Question 890075
if i understand this correctly, your expression is:


1/3 * logc(x) + 3*logc(y) - 4*logc(x)


this becomes:


logc(x^(1/3)) + logc(y^3) - logc(x^4)


this becomes:


logc((x^(1/3) * y^3) / x^4)


this becomes:


logc(y^3/x^(11/3))


the base doesn't really matter in this problem.
it could be anything.
for example, if you let c = 10, than you can use the LOG function of your calculator to confirm this simplification is correct.


simply choose an arbitrary value for x and y and solve using your calculator for the original equation and the final equation.


for example:


let x = 20 and y = 35 and c = 10


1/3 * logc(x) + 3*logc(y) - 4*logc(x) becomes:


1/3 * log10(20) + 3 * log10(35 - 4 * log10(20) which is equal to -.1382391844...
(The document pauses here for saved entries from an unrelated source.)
lemma edge_in_V: "E x y \<Longrightarrow> x \<in> V \<and> y \<in> V"
  using simple by (simp add: simple_graph_def)

lemma edge_sym: "E x y \<Longrightarrow> E y x"
  using simple by (simp add: simple_graph_def)

lemma edge_irrefl: "\<not> E x x"
  using simple by (simp add: simple_graph_def)

abbreviation nbrs :: "'a \<Rightarrow> 'a set" where
  "nbrs u \<equiv> {v \<in> V. E u v}"

lemma gdist_le_walk: "walk V E p \<Longrightarrow> hd p = u \<Longrightarrow> last p = v \<Longrightarrow> gdist V E u v \<le> length p - 1"
  unfolding gdist_def by (rule Least_le) (rule exI[of _ p], auto simp: walk_def)

lemma shortest_path_exists:
  assumes "u \<in> V" "v \<in> V"
  shows "\<exists>p. p \<in> shortest_paths V E u v"
proof -
  obtain p where "walk V E p" "hd p = u" "last p = v"
    using connected assms by (auto simp: connected_graph_def)
  then have "\<exists>k p. walk V E p \<and> hd p = u \<and> last p = v \<and> length p = Suc k"
    by (intro exI[of _ "length p - 1"] exI[of _ p]) (auto simp: walk_def)
  then have "\<exists>p. walk V E p \<and> hd p = u \<and> last p = v \<and> length p = Suc (gdist V E u v)"
    unfolding gdist_def by (rule LeastI_ex)
  then show ?thesis
    by (simp add: shortest_paths_def)
qed

lemma shortest_pathsD:
  assumes "p \<in> shortest_paths V E k l"
  shows "walk V E p" "hd p = k" "last p = l" "length p = Suc (gdist V E k l)"
  using assms by (auto simp: shortest_paths_def)

lemma finite_shortest_paths: "finite (shortest_paths V E u v)"
proof -
  have "shortest_paths V E u v \<subseteq> {xs. set xs \<subseteq> V \<and> length xs = Suc (gdist V E u v)}"
    by (auto simp: shortest_paths_def walk_def)
  then show ?thesis
    using finite_lists_length_eq[OF finite_V] finite_subset by blast
qed

lemma nsp_pos: "u \<in> V \<Longrightarrow> v \<in> V \<Longrightarrow> 0 < nsp V E u v"
  unfolding nsp_def using shortest_path_exists[of u v] finite_shortest_paths[of u v]
  by (auto simp: card_gt_0_iff)

lemma gdist_self: "u \<in> V \<Longrightarrow> gdist V E u u = 0"
  using gdist_le_walk[of "[u]" u u] by simp

lemma gdist_pos:
  assumes "u \<in> V" "v \<in> V" "u \<noteq> v"
  shows "0 < gdist V E u v"
proof -
  obtain p where "p \<in> shortest_paths V E u v"
    using shortest_path_exists assms(1,2) by blast
  note sp = shortest_pathsD[OF this]
  show ?thesis
  proof (rule ccontr)
    assume "\<not> 0 < gdist V E u v"
    then obtain x where "p = [x]"
      using sp(4) by (auto simp: length_Suc_conv)
    then show False
      using sp(2,3) assms(3) by simp
  qed
qed

lemma walk_rev_endpoints:
  assumes "walk V E p"
  shows "walk V E (rev p)" "hd (rev p) = last p" "last (rev p) = hd p"
proof -
  show "walk V E (rev p)"
    by (rule walk_rev) (auto simp: edge_sym assms)
  show "hd (rev p) = last p" "last (rev p) = hd p"
    using assms by (auto simp: hd_rev last_rev walk_def)
qed

lemma gdist_commute_le:
  assumes "u \<in> V" "v \<in> V"
  shows "gdist V E v u \<le> gdist V E u v"
proof -
  obtain p where p: "p \<in> shortest_paths V E u v"
    using shortest_path_exists assms by blast
  note sp = shortest_pathsD[OF p]
  show ?thesis
    using gdist_le_walk[OF walk_rev_endpoints[OF sp(1)]] sp by simp
qed

lemma gdist_commute: "u \<in> V \<Longrightarrow> v \<in> V \<Longrightarrow> gdist V E v u = gdist V E u v"
  using gdist_commute_le by (simp add: le_antisym)

lemma rev_in_shortest_paths:
  assumes "p \<in> shortest_paths V E k l"
  shows "rev p \<in> shortest_paths V E l k"
proof -
  note sp = shortest_pathsD[OF assms]
  have "k \<in> V" "l \<in> V"
    using sp(1,2,3) by (auto simp: walk_def)
  then show ?thesis
    using walk_rev_endpoints[OF sp(1)] sp gdist_commute by (simp add: shortest_paths_def)
qed

lemma shortest_paths_swap: "shortest_paths V E l k = rev ` shortest_paths V E k l"
proof (intro equalityI subsetI)
  fix p
  assume "p \<in> shortest_paths V E l k"
  then show "p \<in> rev ` shortest_paths V E k l"
    using rev_in_shortest_paths by (metis image_eqI rev_rev_ident)
qed (auto intro: rev_in_shortest_paths)

lemma nsp_commute: "nsp V E l k = nsp V E k l"
  unfolding nsp_def shortest_paths_swap[of l k] by (simp add: card_image)

lemma nsp_edge_commute: "nsp_edge V E l k u v = nsp_edge V E k l u v"
proof -
  have "{p \<in> shortest_paths V E l k. traverses p u v} = rev ` {p \<in> shortest_paths V E k l. traverses p u v}"
    unfolding shortest_paths_swap[of l k] by (auto simp: traverses_rev)
  then show ?thesis
    unfolding nsp_edge_traverses by (simp add: card_image)
qed

text \<open>A shortcut between two occurrences of a repeated vertex would give a shorter walk.\<close>
lemma distinct_shortest_path:
  assumes p: "p \<in> shortest_paths V E k l"
  shows "distinct p"
proof (rule ccontr)
  assume "\<not> distinct p"
  then obtain i j where ij: "i < j" "j < length p" "p ! i = p ! j"
    by (metis distinct_conv_nth linorder_neqE_nat)
  let ?q = "take (Suc i) p @ tl (drop j p)"
  note sp = shortest_pathsD[OF p]
  have lt: "last (take (Suc i) p) = p ! i"
    using ij by (simp add: take_Suc_conv_app_nth)
  have hdd: "hd (drop j p) = p ! j"
    using ij by (simp add: hd_drop_conv_nth)
  have "walk V E ?q"
    using walk_append_tl[OF walk_take[OF sp(1)] walk_drop[OF sp(1)]] lt hdd ij by simp
  moreover have "hd ?q = k"
    using sp(2) ij by (cases p) auto
  moreover have "last ?q = l"
    using last_append_tl[of "take (Suc i) p" "drop j p"] lt hdd ij sp(3)
    by (simp add: last_drop) (metis gr_implies_not0 list.size(3))
  ultimately have "gdist V E k l \<le> length ?q - 1"
    by (rule gdist_le_walk)
  then show False
    using sp(4) ij by simp
qed

lemma gdist_shortest_path_nth:
  assumes p: "p \<in> shortest_paths V E u w" and i: "i < length p"
  shows "gdist V E u (p ! i) = i"
proof -
  note sp = shortest_pathsD[OF p]
  have wt: "walk V E (take (Suc i) p)"
    using walk_take[OF sp(1)] by simp
  have lt: "last (take (Suc i) p) = p ! i"
    using i by (simp add: take_Suc_conv_app_nth)
  have hu: "hd (take (Suc i) p) = u"
    using sp(2) i by (cases p) auto
  have le: "gdist V E u (p ! i) \<le> i"
    using gdist_le_walk[OF wt hu lt] i by simp
  have "i \<le> gdist V E u (p ! i)"
  proof -
    have V: "u \<in> V" "p ! i \<in> V"
      using sp(1) hu wt i by (auto simp: walk_def dest: hd_in_set)
    obtain q where q: "q \<in> shortest_paths V E u (p ! i)"
      using shortest_path_exists[OF V] by blast
    note sq = shortest_pathsD[OF q]
    have "q \<noteq> []"
      using sq(4) by auto
    have hdd: "hd (drop i p) = p ! i"
      using i by (simp add: hd_drop_conv_nth)
    have "walk V E (q @ tl (drop i p))"
      using walk_append_tl[OF sq(1) walk_drop[OF sp(1) i]] sq(3) hdd by simp
    moreover have "hd (q @ tl (drop i p)) = u"
      using sq(2,4) by (cases q) auto
    moreover have "last (q @ tl (drop i p)) = w"
      using \<open>q \<noteq> []\<close>
        last_append_tl[of q "drop i p"] sq(3) hdd i sp(3) by (simp add: last_drop)
    ultimately have "gdist V E u w \<le> length (q @ tl (drop i p)) - 1"
      by (rule gdist_le_walk)
    then show ?thesis
      using sq(4) sp(4) i by simp
  qed
  then show ?thesis
    using le by simp
qed
(* Let $(M,\boldsymbol p)$ be a projective manifold and suppose $\tau\in\Gamma(\mathcal E(2))$ solves $$\nabla_{(a}\nabla_b\nabla_{c)}\tau+4\mathsf P_{(ab}\nabla_{c)}\tau+2\tau\nabla_{(a}\mathsf P_{bc)}=0$$ (not necessarily a normal solution). Let $H_{\alpha\beta}:=\tau Y_\alpha Y_\beta+\nabla_c\tau\,Y_{(\alpha}Z_{\beta)}{}^c+Z_\alpha{}^aZ_\beta{}^b\big(\tfrac12\nabla_a\nabla_b\tau+\mathsf P_{ab}\tau\big)$ (which equals $\frac12D_\alpha D_\beta\tau$ and is projectively invariant). Then along every unparametrised geodesic $\gamma$, with weighted velocity $\mathbf u$ satisfying $\mathbf u^b\nabla_b\mathbf u^a=0$ and $\Sigma^{\alpha\beta}=2X^{[\alpha}W^{\beta]}{}_b\mathbf u^b$, the quantity $$\eta:=\Sigma^{\alpha_1\beta_1}\Sigma^{\alpha_2\beta_2}H_{\alpha_1\alpha_2}H_{\beta_1\beta_2}=\tau\,\mathbf u^a\mathbf u^b\nabla_a\nabla_b\tau+2\mathbf u^a\mathbf u^b\mathsf P_{ab}\tau^2-\tfrac12(\mathbf u^a\nabla_a\tau)^2$$ is constant. Moreover $k_{bc}:=\tau\nabla_b\nabla_c\tau+2\mathsf P_{bc}\tau^2-\frac12(\nabla_b\tau)(\nabla_c\tau)\in\Gamma(\odot^2T^*M(4))$ (symmetric part understood) satisfies the Killing equation $\nabla_{(a}k_{bc)}=0$.
   Context: $(M,\boldsymbol p)$ projective manifold of dimension $n\ge2$; $\nabla\in\boldsymbol p$ any connection of the class (torsion-free affine connections related by $\hat\nabla_a\xi^b=\nabla_a\xi^b+\Upsilon_a\xi^b+\delta^b{}_a\Upsilon_c\xi^c$). Densities $\mathcal E(w):=\big((\Lambda^nTM)^{\otimes 2}\big)^{w/(2n+2)}$, $B(w):=B\otimes\mathcal E(w)$. Projective Schouten tensor $\mathsf P_{ab}$ of $\nabla$: $R_{ab}{}^c{}_d=W_{ab}{}^c{}_d+2\delta^c{}_{[a}\mathsf P_{b]d}+\beta_{ab}\delta^c{}_d$ with $W$ totally trace-free and $\beta_{ab}=-2\mathsf P_{[ab]}$, where $[\nabla_a,\nabla_b]v^c=R_{ab}{}^c{}_dv^d$. Projective tractors: $\mathcal T^*=J^1\mathcal E(1)$, $\mathcal T$ dual; canonical tractor $X^\alpha\in\Gamma(\mathcal T(1))$; a choice of $\nabla$ gives $Y_\alpha\in\Gamma(\mathcal T^*(-1))$, $Z_\alpha{}^a\in\Gamma(\mathcal T^*\otimes TM(1))$, $W^\alpha{}_a\in\Gamma(\mathcal T\otimes T^*M(-1))$ with $X^\alpha Y_\alpha=1$, $Z_\alpha{}^bW^\alpha{}_a=\delta^b{}_a$, $Y_\alpha W^\alpha{}_a=0$, $X^\alpha Z_\alpha{}^a=0$; tractor connection $\nabla_aX^\beta=W^\beta{}_a$, $\nabla_aW^\beta{}_b=-\mathsf P_{ab}X^\beta$, $\nabla_aY_\beta=\mathsf P_{ab}Z_\beta{}^b$, $\nabla_aZ_\beta{}^b=-\delta^b{}_aY_\beta$. Thomas-D operator $D_\alpha\sigma=wY_\alpha\sigma+Z_\alpha{}^a\nabla_a\sigma$ on $\mathcal E(w)$ (coupled to tractors). An unparametrised geodesic is an oriented curve admitting (locally) a parametrisation that is a geodesic of some/any $\nabla\in\boldsymbol p$; equivalently it carries a nowhere-vanishing $\mathbf u^a\in\Gamma(T\gamma(-2))$ with $\mathbf u^b\nabla_b\mathbf u^a=0$. *)

theory Defs
  imports "HOL-Analysis.Analysis"
begin

text \<open>The manifold is an open set U of real^'n (n = CARD('n));
  all bundles are trivialised by the coordinate frame, and densities of weight w by
  eps^w, where eps = (vol (x) vol)^(1/(2n+2)), vol = d_1 ^ ... ^ d_n.
  A connection is given by Christoffel symbols: Gam i j k = Gamma^k_(ij).
  Weighted covariant tensors are functions of an index list and a point.\<close>

definition pd :: "'n::finite \<Rightarrow> (real^'n \<Rightarrow> real) \<Rightarrow> real^'n \<Rightarrow> real" where
  "pd i f x = deriv (\<lambda>t. f (x + t *\<^sub>R axis i 1)) 0"

definition iter_pd :: "'n::finite list \<Rightarrow> (real^'n \<Rightarrow> real) \<Rightarrow> real^'n \<Rightarrow> real" where
  "iter_pd is f = foldr pd is f"

definition smooth_on_open :: "(real^'n::finite) set \<Rightarrow> (real^'n \<Rightarrow> real) \<Rightarrow> bool" where
  "smooth_on_open U f \<longleftrightarrow> (\<forall>is. iter_pd is f differentiable_on U)"

definition cov :: "('n::finite \<Rightarrow> 'n \<Rightarrow> 'n \<Rightarrow> real^'n \<Rightarrow> real) \<Rightarrow> real
    \<Rightarrow> ('n list \<Rightarrow> real^'n \<Rightarrow> real) \<Rightarrow> ('n list \<Rightarrow> real^'n \<Rightarrow> real)" where
  "cov Gam w T = (\<lambda>is x. case is of [] \<Rightarrow> 0 | a # bs \<Rightarrow>
      pd a (T bs) x
      - (\<Sum>j<length bs. \<Sum>e\<in>UNIV. Gam a (bs ! j) e x * T (bs[j := e]) x)
      + w / (real CARD('n) + 1) * (\<Sum>e\<in>UNIV. Gam a e e x) * T bs x)"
logc(y^3/x^(11/3)) becomes:


log10(35^3 / 20^(11/3)) = -.1382391844...


you get the same value from the original equation and from the final equation so the simplification is correct.


the logarithmic rules that were used are:


a*log(b) = log(b^a)


log(a) + log(b) = log(a*b)


log(a) / log(b) = log(a/b)


the division rules that were followed are:


x^a / x^b = x^(a-b)


x^-c = 1/x^c